Why Jeremy used Vgg for cats vs dogs, but didn't for state farm ?`

I’m looking for some intuition, for cats vs dogs Jeremy chose to use VGG16, but for state farm he didn’t and created his own network.

One can argue that the reason is that VGG16 was trained on cats an dogs (among other things) so it is appropriate for cats VS dogs, but he wasn’t trained on different kinds of human behavior (like driving, texting, eating).

But I’m not sure that the previous argument stands, because if I remember correctly Jeremy stated that the convolutional layers of VGG16 are “Generic image descriptors” and should apply to any kind of image.


1 Like

According to the statefarm notebook, Jeremy did use VGG for the Statefarm kaggle competition.
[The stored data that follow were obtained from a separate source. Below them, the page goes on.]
(* Let $\mathcal Y$ be a finite set, $L:\mathcal Y\times\mathcal A\to\mathbb R$ a loss function, and $P_Y,Q_Y$ distributions on $\mathcal Y$. (a) If $D_{\chi^2}(P_Y\|Q_Y)\le\beta^2$, then $D_L(P_Y\|Q_Y)=O(\beta)$. (b) If, in addition, $H_L(Y)$ is twice differentiable in $P_Y$, then $D_L(P_Y\|Q_Y)=O(\beta^2)$.
   Context: Minima are assumed attained. A Bayes action $a_P$ of a distribution $P$ on $\mathcal Y$ is a minimizer of $a\mapsto\mathbb E_{Y\sim P}[L(Y,a)]$; $H_L(Y)=\min_{a\in\mathcal A}\mathbb E_{Y\sim P_Y}[L(Y,a)]$, viewed as a function of the probability vector $P_Y$. The $L$-divergence is $D_L(P\|Q)=\mathbb E_{Y\sim P}[L(Y,a_Q)]-\mathbb E_{Y\sim P}[L(Y,a_P)]\ge0$. Neyman's $\chi^2$-divergence is $D_{\chi^2}(P\|Q)=\sum_y\frac{(P(y)-Q(y))^2}{Q(y)}$ ($0^2/0=0$). Big-O is as $\beta\to0$ with $Q_Y$ and $L$ fixed. *)

theory Defs
  imports "HOL-Analysis.Analysis"
begin

text \<open>Finite outcome space = finite type 'y; action space = type 'a.
  Distributions on 'y are probability vectors in real^'y.\<close>

definition prob_simplex :: "(real ^ 'y::finite) set" where
  "prob_simplex = {p. (\<forall>y. 0 \<le> p $ y) \<and> (\<Sum>y\<in>UNIV. p $ y) = 1}"

definition exp_loss :: "('y::finite \<Rightarrow> 'a \<Rightarrow> real) \<Rightarrow> real ^ 'y \<Rightarrow> 'a \<Rightarrow> real" where
  "exp_loss L p a = (\<Sum>y\<in>UNIV. p $ y * L y a)"

definition bayes_action :: "('y::finite \<Rightarrow> 'a \<Rightarrow> real) \<Rightarrow> real ^ 'y \<Rightarrow> 'a \<Rightarrow> bool" where
  "bayes_action L p a \<longleftrightarrow> (\<forall>b. exp_loss L p a \<le> exp_loss L p b)"

text \<open>Generalized entropy H_L as a function of the probability vector (min is attained by assumption).\<close>
definition H_L :: "('y::finite \<Rightarrow> 'a \<Rightarrow> real) \<Rightarrow> real ^ 'y \<Rightarrow> real" where
  "H_L L p = (INF a. exp_loss L p a)"

definition L_div :: "('y::finite \<Rightarrow> 'a \<Rightarrow> real) \<Rightarrow> real ^ 'y \<Rightarrow> 'a \<Rightarrow> 'a \<Rightarrow> real" where
  "L_div L p aP aQ = exp_loss L p aQ - exp_loss L p aP"

text \<open>Neyman chi^2 divergence; +infinity if P(y)>0 = Q(y) for some y (0^2/0 = 0).\<close>
definition chi2_div :: "real ^ 'y::finite \<Rightarrow> real ^ 'y \<Rightarrow> ereal" where
  "chi2_div p q = (if \<exists>y. q $ y = 0 \<and> p $ y \<noteq> 0 then \<infinity>
      else ereal (\<Sum>y\<in>{y. q $ y \<noteq> 0}. (p $ y - q $ y)^2 / q $ y))"

definition twice_diff_on_simplex :: "(real ^ 'y::finite \<Rightarrow> real) \<Rightarrow> bool" where
  "twice_diff_on_simplex f \<longleftrightarrow>
     (\<exists>f' :: (real ^ 'y) \<Rightarrow> ((real ^ 'y) \<Rightarrow>\<^sub>L real).
     \<exists>f'' :: (real ^ 'y) \<Rightarrow> ((real ^ 'y) \<Rightarrow> ((real ^ 'y) \<Rightarrow>\<^sub>L real)).
       \<forall>p\<in>prob_simplex.
         (f has_derivative blinfun_apply (f' p)) (at p within prob_simplex) \<and>
         (f' has_derivative f'' p) (at p within prob_simplex))"

end

theory Submission
  imports Defs
begin

text \<open>The \<open>\<chi>\<^sup>2\<close>-bound moves each coordinate by at most \<open>\<beta> sqrt (Q y)\<close>, hence by at
  most \<open>\<beta> / sqrt m\<close> times \<open>Q y\<close>, where m is the smallest nonzero mass of Q.

  (a) Therefore \<open>P = (1 - t) Q + t R\<close> for a probability vector R and \<open>t = \<beta> / sqrt m\<close>.
  Optimality of aQ under Q leaves \<open>D\<^sub>L(P\<parallel>Q) \<le> t (E\<^sub>R L(aQ) - E\<^sub>R L(aP))\<close>, and this
  bracket is bounded because L is bounded below (a Bayes action for a point mass y minimises
  \<open>L y\<close>).

  (b) The reflection \<open>2Q - P\<close> is a probability vector as well, and comparing P with it gives
  \<open>D\<^sub>L(P\<parallel>Q) \<le> 2 H\<^sub>L(Q) - H\<^sub>L(P) - H\<^sub>L(2Q - P)\<close>, a second difference of \<open>H\<^sub>L\<close>.
  Since the derivative of \<open>H\<^sub>L\<close> is differentiable at Q, it is Lipschitz at Q, so both
  first-order Taylor remainders, and hence the second difference, are \<open>O(\<parallel>P - Q\<parallel>\<^sup>2) = O(\<beta>\<^sup>2)\<close>.\<close>

lemma prob_simplex_nonneg: "p \<in> prob_simplex \<Longrightarrow> 0 \<le> p $ y"
  unfolding prob_simplex_def by blast

lemma prob_simplex_sum: "p \<in> prob_simplex \<Longrightarrow> (\<Sum>y\<in>UNIV. p $ y) = 1"
  unfolding prob_simplex_def by blast

lemma prob_simplex_le_one:
  assumes "p \<in> prob_simplex"
  shows "p $ y \<le> 1"
proof -
  have "p $ y \<le> (\<Sum>z\<in>UNIV. p $ z)"
    using assms by (intro member_le_sum) (auto simp: prob_simplex_nonneg)
  with assms show ?thesis by (simp add: prob_simplex_sum)
qed

lemma convex_prob_simplex: "convex prob_simplex"
  unfolding convex_def prob_simplex_def
  by (auto simp: sum.distrib sum_distrib_left[symmetric])

lemma axis_in_prob_simplex: "axis y 1 \<in> prob_simplex"
  unfolding prob_simplex_def by (simp add: axis_def)

lemma abs_expectation_le_sum_abs:
  assumes "p \<in> prob_simplex"
  shows "\<bar>\<Sum>y\<in>UNIV. p $ y * f y\<bar> \<le> (\<Sum>y\<in>UNIV. \<bar>f y\<bar>)"
proof -
  have "\<bar>\<Sum>y\<in>UNIV. p $ y * f y\<bar> \<le> (\<Sum>y\<in>UNIV. p $ y * \<bar>f y\<bar>)"
    using assms by (auto intro: order.trans[OF sum_abs] simp: abs_mult prob_simplex_nonneg)
  also have "\<dots> \<le> (\<Sum>y\<in>UNIV. \<bar>f y\<bar>)"
    using assms by (intro sum_mono mult_left_le_one_le) (auto simp: prob_simplex_nonneg prob_simplex_le_one)
  finally show ?thesis .
qed

lemma nonzero_entries_bounded_away_from_zero:
  fixes q :: "real ^ 'y::finite"
  obtains m where "0 < m" "\<And>y. q $ y \<noteq> 0 \<Longrightarrow> m \<le> \<bar>q $ y\<bar>"
proof
  let ?S = "insert 1 {\<bar>q $ y\<bar> |y. q $ y \<noteq> 0}"
  have "finite ?S" by simp
  then show "0 < Min ?S" by auto
  show "Min ?S \<le> \<bar>q $ y\<bar>" if "q $ y \<noteq> 0" for y
    using that \<open>finite ?S\<close> by (intro Min_le) auto
qed

lemma exp_loss_add: "exp_loss L (p + q) a = exp_loss L p a + exp_loss L q a"
  unfolding exp_loss_def by (simp add: sum.distrib algebra_simps)

lemma exp_loss_diff: "exp_loss L (p - q) a = exp_loss L p a - exp_loss L q a"
  unfolding exp_loss_def by (simp add: sum_subtractf algebra_simps)

lemma exp_loss_scaleR: "exp_loss L (c *\<^sub>R p) a = c * exp_loss L p a"
  unfolding exp_loss_def by (simp add: sum_distrib_left algebra_simps)

lemma exp_loss_axis: "exp_loss L (axis y 1) a = L y a"
  unfolding exp_loss_def axis_def
  by (simp add: if_distrib[of "\<lambda>c. c * _"] cong: if_cong)

lemma H_L_eq_exp_loss: "bayes_action L p a \<Longrightarrow> H_L L p = exp_loss L p a"
  unfolding H_L_def bayes_action_def by (rule cInf_eq_minimum) auto

lemma L_div_nonneg: "bayes_action L p aP \<Longrightarrow> 0 \<le> L_div L p aP aQ"
  unfolding L_div_def bayes_action_def by simp

lemma loss_bounded_below:
  assumes "\<forall>p\<in>prob_simplex. \<exists>a. bayes_action L p a"
  obtains B where "\<And>y a. B y \<le> L y a"
proof -
  have "\<exists>c. \<forall>a. c \<le> L y a" for y
  proof -
    obtain b where "bayes_action L (axis y 1) b"
      using assms axis_in_prob_simplex by blast
    then have "\<forall>a. L y b \<le> L y a"
      unfolding bayes_action_def exp_loss_axis .
    then show ?thesis by blast
  qed
  then show ?thesis using that by metis
qed

lemma chi2_div_le_imp_sq_diff_le:
  assumes "chi2_div p q \<le> ereal c" "q \<in> prob_simplex"
  shows "(p $ y - q $ y)^2 \<le> c * q $ y"
proof -
  have support: "\<not> (\<exists>y. q $ y = 0 \<and> p $ y \<noteq> 0)"
    using assms(1) unfolding chi2_div_def by (auto split: if_split_asm)
  then have sum_le: "(\<Sum>y\<in>{y. q $ y \<noteq> 0}. (p $ y - q $ y)^2 / q $ y) \<le> c"
    using assms(1) unfolding chi2_div_def by (simp only: if_False ereal_less_eq(3))
  show ?thesis
  proof (cases "q $ y = 0")
    case True
    then show ?thesis using support by simp
  next
    case False
    then have pos: "0 < q $ y"
      using prob_simplex_nonneg[OF assms(2)] by (simp add: order_less_le)
    have "(p $ y - q $ y)^2 / q $ y \<le> (\<Sum>y\<in>{y. q $ y \<noteq> 0}. (p $ y - q $ y)^2 / q $ y)"
      using False prob_simplex_nonneg[OF assms(2)] by (intro member_le_sum) auto
    also have "\<dots> \<le> c" by (rule sum_le)
    finally show ?thesis using pos by (simp add: divide_le_eq)
  qed
qed

lemma chi2_div_le_imp_norm_le:
  assumes "chi2_div p q \<le> ereal (\<beta>^2)" "q \<in> prob_simplex" "0 \<le> \<beta>"
  shows "norm (p - q) \<le> \<beta>"
proof (rule power2_le_imp_le[OF _ assms(3)])
  have "(norm (p - q))^2 = (\<Sum>y\<in>UNIV. (p $ y - q $ y)^2)"
    unfolding power2_norm_eq_inner inner_vec_def by (simp add: power2_eq_square)
  also have "\<dots> \<le> (\<Sum>y\<in>UNIV. \<beta>^2 * q $ y)"
    using chi2_div_le_imp_sq_diff_le[OF assms(1,2)] by (intro sum_mono)
  also have "\<dots> = \<beta>^2"
    using assms(2) by (simp add: sum_distrib_left[symmetric] prob_simplex_sum)
  finally show "(norm (p - q))^2 \<le> \<beta>^2" .
qed

text \<open>The hypothesis on c says \<open>\<bar>c\<bar> \<beta> sqrt (q y) \<le> q y\<close>, so the step \<open>c (p - q)\<close> cannot
  make a coordinate negative.\<close>

lemma chi2_line_point_in_prob_simplex:
  assumes chi2: "chi2_div p q \<le> ereal (\<beta>^2)"
    and p: "p \<in> prob_simplex" and q: "q \<in> prob_simplex"
    and c: "\<And>y. q $ y \<noteq> 0 \<Longrightarrow> (c * \<beta>)^2 \<le> q $ y"
  shows "q + c *\<^sub>R (p - q) \<in> prob_simplex"
proof -
  have "0 \<le> q $ y + c * (p $ y - q $ y)" for y
  proof (cases "q $ y = 0")
    case True
    then show ?thesis
      using chi2_div_le_imp_sq_diff_le[OF chi2 q, of y] by simp
  next
    case False
    have "(c * (p $ y - q $ y))^2 \<le> (c * \<beta>)^2 * q $ y"
      using chi2_div_le_imp_sq_diff_le[OF chi2 q, of y]
      by (simp add: power_mult_distrib mult.assoc mult_left_mono)
    also have "\<dots> \<le> (q $ y)^2"
      using c[OF False] prob_simplex_nonneg[OF q]
      by (simp add: power2_eq_square mult_right_mono)
    finally have "\<bar>c * (p $ y - q $ y)\<bar> \<le> q $ y"
      using prob_simplex_nonneg[OF q, of y] by (metis abs_le_square_iff abs_of_nonneg)
    then show ?thesis by linarith
  qed
  moreover have "(\<Sum>y\<in>UNIV. q $ y + c * (p $ y - q $ y)) = 1"
    using p q by (simp add: sum.distrib sum_subtractf sum_distrib_left[symmetric] prob_simplex_sum)
  ultimately show ?thesis unfolding prob_simplex_def by simp
qed

lemma L_div_mixture_le:
  assumes "bayes_action L q aQ" "0 \<le> t" "t \<le> 1"
  shows "L_div L ((1 - t) *\<^sub>R q + t *\<^sub>R r) aP aQ \<le> t * (exp_loss L r aQ - exp_loss L r aP)"
proof -
  have "(1 - t) * (exp_loss L q aQ - exp_loss L q aP) \<le> 0"
    using assms unfolding bayes_action_def by (intro mult_nonneg_nonpos) auto
  then show ?thesis
    unfolding L_div_def exp_loss_add exp_loss_scaleR by (simp add: algebra_simps)
qed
From skimming the notebook, it seems Jeremy started with simple networks to see which changes had which effects on performance.

Some headings:

  • Single conv layer
  • Data augmentation
  • Four conv/pooling pairs + dropout
  • Imagenet conv features
  • Batchnorm dense layers on pretrained conv layers
  • Pre-computed data augmentation + dropout
  • Pseudo labeling
  • The “things that didn’t really work” section

You can see from the headings that he’s trying many things and many combinations of things. He even added a section talking about the things he tried but that didn’t work and weren’t worth focusing on in the lesson.

Whenever you see “Imagenet conv” or “pretrained conv” when working on an image task, there’s a good chance the author is using VGG. (Although I wouldn’t be surprised if this statement becomes false in the next six months, because of the community’s research speed).

Edit: Maybe you were looking at the statefarm sample notebook. There Jeremy and/or Rachel even tried a linear model, likely to get a benchmark and to test the piping of the system.

You are correct, my mistake.
I asked the question in the begining of the lecture, later he actually used VGG16 :slight_smile: